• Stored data
Content starts
theorem mainTheorem16:
  fixes k :: nat
  assumes "k \<ge> 1"
  shows "((\<lambda>R::real. real (card {C \<in> Hyp. cdilat C < R \<and> mcount C R \<ge> k})
                     / real (card {C \<in> Hyp. cdilat C < R})) \<longlongrightarrow> 1) at_top"
proof (rule tendsto_sandwich[OF _ _ _ tendsto_const])
  show "((\<lambda>R. 1 - real (k - 1) * (5 + 4 * log 2 (R + 1)) / (R - 3)) \<longlongrightarrow> 1) at_top"
    by real_asymp
  show "\<forall>\<^sub>F R in at_top. 1 - real (k - 1) * (5 + 4 * log 2 (R + 1)) / (R - 3)
          \<le> real (card {C \<in> Hyp. cdilat C < R \<and> mcount C R \<ge> k}) / real (card {C \<in> Hyp. cdilat C < R})"
    by (rule eventually_mono[OF eventually_ge_at_top[of 4]]) (rule ratio_few_partners_bound(1))
  show "\<forall>\<^sub>F R in at_top. real (card {C \<in> Hyp. cdilat C < R \<and> mcount C R \<ge> k})
          / real (card {C \<in> Hyp. cdilat C < R}) \<le> 1"
    by (rule eventually_mono[OF eventually_ge_at_top[of 4]]) (rule ratio_few_partners_bound(2))
qed

end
Content ends
• Requirement
Starting at the line that contains "4]]) (rule ratio_few_partners_bound(1))", reproduce each line through the end of the records exactly, both ends included.

• Solution for this task
    by (rule eventually_mono[OF eventually_ge_at_top[of 4]]) (rule ratio_few_partners_bound(1))
  show "\<forall>\<^sub>F R in at_top. real (card {C \<in> Hyp. cdilat C < R \<and> mcount C R \<ge> k})
          / real (card {C \<in> Hyp. cdilat C < R}) \<le> 1"
    by (rule eventually_mono[OF eventually_ge_at_top[of 4]]) (rule ratio_few_partners_bound(2))
qed

end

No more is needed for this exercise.